● WHAT IS EXPECTED
Starting at the line below that contains "using k_pos by", print each line through the end of the records exactly as it appears.

----- RAW DATA -----

lemma ex_sum_eq_if_card_lt:
  fixes A S :: "'a::ab_group_add set"
  assumes "finite S" "A \<subseteq> S" "(\<lambda>x. a - x) ` A \<subseteq> S" "card S < 2 * card A"
  shows "\<exists>x\<in>A. \<exists>y\<in>A. a = x + y"
proof -
  have "A \<inter> (\<lambda>x. a - x) ` A \<noteq> {}"
  proof
    assume "A \<inter> (\<lambda>x. a - x) ` A = {}"
    moreover have "finite A"
      using assms(1,2) finite_subset by blast
    moreover have "card ((\<lambda>x. a - x) ` A) = card A"
      by (intro card_image inj_onI) simp
    ultimately have "card (A \<union> (\<lambda>x. a - x) ` A) = 2 * card A"
      by (simp add: card_Un_disjoint)
    moreover have "card (A \<union> (\<lambda>x. a - x) ` A) \<le> card S"
      using assms(1-3) by (intro card_mono) auto
    ultimately show False
      using assms(4) by simp
  qed
  then obtain x y where "x \<in> A" "y \<in> A" "x = a - y"
    by blast
  then show ?thesis
    by (metis diff_add_cancel add.commute)
qed

lemma power_eq_power_iff_cong:
  fixes g :: "'a::field"
  assumes "n > 0" "\<And>i. g ^ i = 1 \<longleftrightarrow> n dvd i"
  shows "g ^ u = g ^ v \<longleftrightarrow> [u = v] (mod n)"
proof (induction u v rule: linorder_wlog)
  case (le u v)
  have "g ^ n = 1"
    using assms(2) by simp
  then have "g \<noteq> 0"
    using assms(1) by (cases "g = 0") (simp_all add: power_0_left)
  then have "g ^ u = g ^ v \<longleftrightarrow> g ^ (v - u) = 1"
    using le by (auto simp: power_diff)
  also have "\<dots> \<longleftrightarrow> [u = v] (mod n)"
    using le assms(2) by (simp add: cong_altdef_nat cong_sym_eq[of u])
  finally show ?case .
qed (simp add: eq_commute cong_sym_eq)

lemma cong_power_eq_1_mod_square_iff:
  fixes b t d :: nat
  assumes "b > 0"
  shows "[(b * t + 1) ^ d = 1] (mod b^2) \<longleftrightarrow> b dvd d * t"
proof -
  have "\<exists>m. (b * t + 1) ^ d = 1 + d * b * t + b^2 * m"
  proof (induction d)
    case (Suc d)
    then obtain m where "(b * t + 1) ^ d = 1 + d * b * t + b^2 * m"
      by blast
    then have "(b * t + 1) ^ Suc d = 1 + Suc d * b * t + b^2 * (m + d * t * t + b * t * m)"
      by (simp add: algebra_simps power2_eq_square)
    then show ?case
      by blast
  qed simp
  then obtain m where "(b * t + 1) ^ d = 1 + d * b * t + b^2 * m"
    by blast
  then have "[(b * t + 1) ^ d = 1] (mod b^2) \<longleftrightarrow> b^2 dvd d * b * t + m * b^2"
    by (simp add: cong_altdef_nat mult.commute)
  also have "\<dots> \<longleftrightarrow> b^2 dvd d * b * t"
    by (rule dvd_add_times_triv_right_iff)
  also have "\<dots> \<longleftrightarrow> b dvd d * t"
    using assms by (simp add: power2_eq_square mult_ac)
  finally show ?thesis .
qed

section \<open>The field of order \<open>p^b\<close>\<close>

locale waring_extension =
  fixes b p t :: nat and g :: "'a::{field,finite}"
  assumes prime_b: "prime b" and prime_p: "prime p" and t_pos: "t > 0"
    and p_eq: "p = b * t + 1" and not_dvd: "\<not> b dvd t"
    and card_UNIV: "card (UNIV :: 'a set) = p ^ b"
    and generator: "\<And>x. x \<noteq> 0 \<Longrightarrow> \<exists>i. x = g ^ i"
    and order_generator: "\<And>i. g ^ i = 1 \<longleftrightarrow> (p ^ b - 1) dvd i"
begin

text \<open>Since \<open>e = (p^b - 1)/(p - 1)\<close>, \<open>gamma\<close> generates the multiplicative group of the prime
  field \<open>\<int>\<close>.\<close>

definition k :: nat where "k = (p ^ b - 1) div b^2"

definition e :: nat where "e = (\<Sum>i<b. p ^ i)"

definition zeta :: 'a where "zeta = g ^ k"

definition omega :: 'a where "omega = zeta ^ b"

definition gamma :: 'a where "gamma = g ^ e"

lemma b_pos: "b > 0"
  using prime_b prime_gt_0_nat by blast

lemma CHAR_eq: "CHAR('a) = p"
  using CHAR_eq_prime_of_card[OF prime_p card_UNIV] .

lemma p_pow_b_minus_1: "p ^ b - 1 = b^2 * k"
proof -
  have "[p ^ b = 1] (mod b^2)"
    using cong_power_eq_1_mod_square_iff[OF b_pos, of t b] p_eq by (simp add: mult.commute)
  then have "b^2 dvd p ^ b - 1"
    using prime_gt_0_nat[OF prime_p] by (simp add: cong_altdef_nat)
  then show ?thesis
    by (simp add: k_def)
qed

lemma k_pos: "k > 0"
proof -
  have "p ^ b > 1"
    using prime_gt_1_nat[OF prime_p] b_pos by (intro one_less_power) simp_all
  then show ?thesis
    using p_pow_b_minus_1 by (cases k) simp_all
qed

lemma p_minus_1_mult_e: "(p - 1) * e = b^2 * k"
proof -
  have "int (p ^ b) - 1 = (int p - 1) * (\<Sum>i<b. int p ^ i)"
    by (simp add: power_diff_1_eq)
  then have "int (p ^ b - 1) = int ((p - 1) * e)"
    using prime_gt_0_nat[OF prime_p] by (simp add: e_def of_nat_diff)
  then have "p ^ b - 1 = (p - 1) * e"
    by (simp only: of_nat_eq_iff)
  then show ?thesis
    using p_pow_b_minus_1 by simp
qed

lemma t_mult_e: "t * e = b * k"
  using p_minus_1_mult_e b_pos by (simp add: p_eq power2_eq_square mult_ac)

lemma order_g: "g ^ i = 1 \<longleftrightarrow> b^2 * k dvd i"
  using order_generator p_pow_b_minus_1 by simp

lemma order_zeta: "zeta ^ i = 1 \<longleftrightarrow> b^2 dvd i"
proof -
  have "b^2 * k dvd k * i \<longleftrightarrow> b^2 dvd i"
    using k_pos by (simp add: mult.commute[of _ k])
  then show ?thesis
    by (simp add: zeta_def order_g flip: power_mult)
qed

lemma order_omega: "omega ^ j = 1 \<longleftrightarrow> b dvd j"
  using order_zeta[of "b * j"] b_pos by (simp add: omega_def power_mult power2_eq_square)

lemma gamma_power_t: "gamma ^ t = omega"
proof -
  have "gamma ^ t = g ^ (t * e)"
    by (simp add: gamma_def mult.commute[of t] power_mult)
  also have "\<dots> = omega"
    by (simp add: t_mult_e omega_def zeta_def mult.commute[of b] power_mult)
  finally show ?thesis .
qed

-----

● YOUR RESPONSE
    using k_pos by (simp add: mult.commute[of _ k])
  then show ?thesis
    by (simp add: zeta_def order_g flip: power_mult)
qed

lemma order_omega: "omega ^ j = 1 \<longleftrightarrow> b dvd j"
  using order_zeta[of "b * j"] b_pos by (simp add: omega_def power_mult power2_eq_square)

lemma gamma_power_t: "gamma ^ t = omega"
proof -
  have "gamma ^ t = g ^ (t * e)"
    by (simp add: gamma_def mult.commute[of t] power_mult)
  also have "\<dots> = omega"
    by (simp add: t_mult_e omega_def zeta_def mult.commute[of b] power_mult)
  finally show ?thesis .
qed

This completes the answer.